Resolution Strategy Selection
解决策略选择
Choose concordance resolution strategy based on appraisal purpose:
- Evidence-weighted (default): Most objective, prefers stronger evidence
- Conservative: For high-stakes decisions (regulatory submissions)
- Optimistic: For formative assessments or educational purposes
See for detailed guidance.
references/triple_validation_methodology.md根据评估目的选择一致性解决策略:
- 基于证据权重(默认):最客观,优先选择更强的证据
- 保守策略:适用于高风险决策(监管提交)
- 乐观策略:适用于形成性评估或教育场景
详情见。
references/triple_validation_methodology.mdResources
资源
scripts/
scripts/目录
Production-ready Python scripts for automated tasks:
- pdf_intelligence.py - Multi-library PDF extraction (PyMuPDF, pdfplumber, Camelot)
- semantic_search.py - AI-powered evidence-to-criterion matching
- report_generator.py - Markdown + YAML report generation
- requirements.txt - Python dependencies
Usage: Scripts can be run standalone via CLI or orchestrated programmatically.
用于自动化任务的生产级Python脚本:
- pdf_intelligence.py - 多库PDF提取(PyMuPDF、pdfplumber、Camelot)

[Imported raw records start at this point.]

text \<open>
  Minima, finite minima and composition with the increasing map Cap preserve quasi-concavity, so it
  suffices to treat f_j and g_j separately. Up to a nonnegative factor, g_j is (1 - t) * P, a product
  of two nonnegative affine functions, which is quasi-concave by AM-GM.

  For f_j pass to square-root coordinates w = sqrt t, a = sqrt X, b = sqrt Y, in which
  f_j = a^2 + b^2 + 2 w a b. Two Lagrange identities and Cauchy-Schwarz bound f_j at the convex
  combination from below by u h1 + (1 - u) h2 + 2 u (1 - u) E, where h1, h2 are its values at the
  two points and E = |w1 - w2| |a1 b2 - a2 b1| - (w1 - w2) (a1 b1 - a2 b2). For w2 \<le> w1 the
  cross term E can only be negative if a1 b1 - a2 b2 > |a1 b2 - a2 b1|, which forces a2 \<le> a1 and
  b2 \<le> b1; then the second point is dominated componentwise and monotonicity of f_j finishes the
  argument.
\<close>

lemma quasi_concave_on_tripleI:
  fixes S :: "(real \<times> real \<times> real) set"
  assumes "\<And>t1 P1 Q1 t2 P2 Q2 u. (t1, P1, Q1) \<in> S \<Longrightarrow> (t2, P2, Q2) \<in> S \<Longrightarrow> 0 \<le> u \<Longrightarrow> u \<le> 1 \<Longrightarrow>
      min (F (t1, P1, Q1)) (F (t2, P2, Q2))
        \<le> F (u * t1 + (1 - u) * t2, u * P1 + (1 - u) * P2, u * Q1 + (1 - u) * Q2)"
  shows "quasi_concave_on S F"
  unfolding quasi_concave_on_def using assms by force

lemma quasi_concave_on_mono_comp:
  assumes "convex S" "mono_on T \<phi>" "F ` S \<subseteq> T" "quasi_concave_on S F"
  shows "quasi_concave_on S (\<lambda>x. \<phi> (F x))"
  unfolding quasi_concave_on_def
proof (intro ballI allI impI)
  fix x1 x2 and u :: real
  assume x: "x1 \<in> S" "x2 \<in> S" and u: "0 \<le> u \<and> u \<le> 1"
  let ?c = "u *\<^sub>R x1 + (1 - u) *\<^sub>R x2"
  have "?c \<in> S" using \<open>convex S\<close> x u by (simp add: convex_def)
  have "min (F x1) (F x2) \<le> F ?c"
    using \<open>quasi_concave_on S F\<close> x u by (simp add: quasi_concave_on_def)
  moreover have "min (F x1) (F x2) \<in> T" "F ?c \<in> T"
    using x \<open>?c \<in> S\<close> assms(3) by (auto simp: min_def)
  ultimately have "\<phi> (min (F x1) (F x2)) \<le> \<phi> (F ?c)"
    using \<open>mono_on T \<phi>\<close> by (simp add: mono_onD)
  then show "min (\<phi> (F x1)) (\<phi> (F x2)) \<le> \<phi> (F ?c)"
    by (simp add: min_def split: if_splits)
qed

- semantic_search.py - AI驱动的证据与标准匹配
- report_generator.py - Markdown + YAML报告生成
- requirements.txt - Python依赖项
使用方式:脚本可通过CLI独立运行,或通过编程方式编排执行。
references/
references/目录
Comprehensive documentation for appraisal methodology:
- checklist_sections/ - All 8 integrated checklist sections (PRISMA/NICE/ISPOR/CINeMA)
- frameworks_overview.md - Framework selection guide, rating scales, key references
- triple_validation_methodology.md - Appraiser roles, concordance analysis, resolution strategies
Usage: Load relevant references when conducting specific appraisal steps or interpreting results.
评估方法学的综合文档:
- checklist_sections/ - 全部8个整合的检查表章节(PRISMA/NICE/ISPOR/CINeMA)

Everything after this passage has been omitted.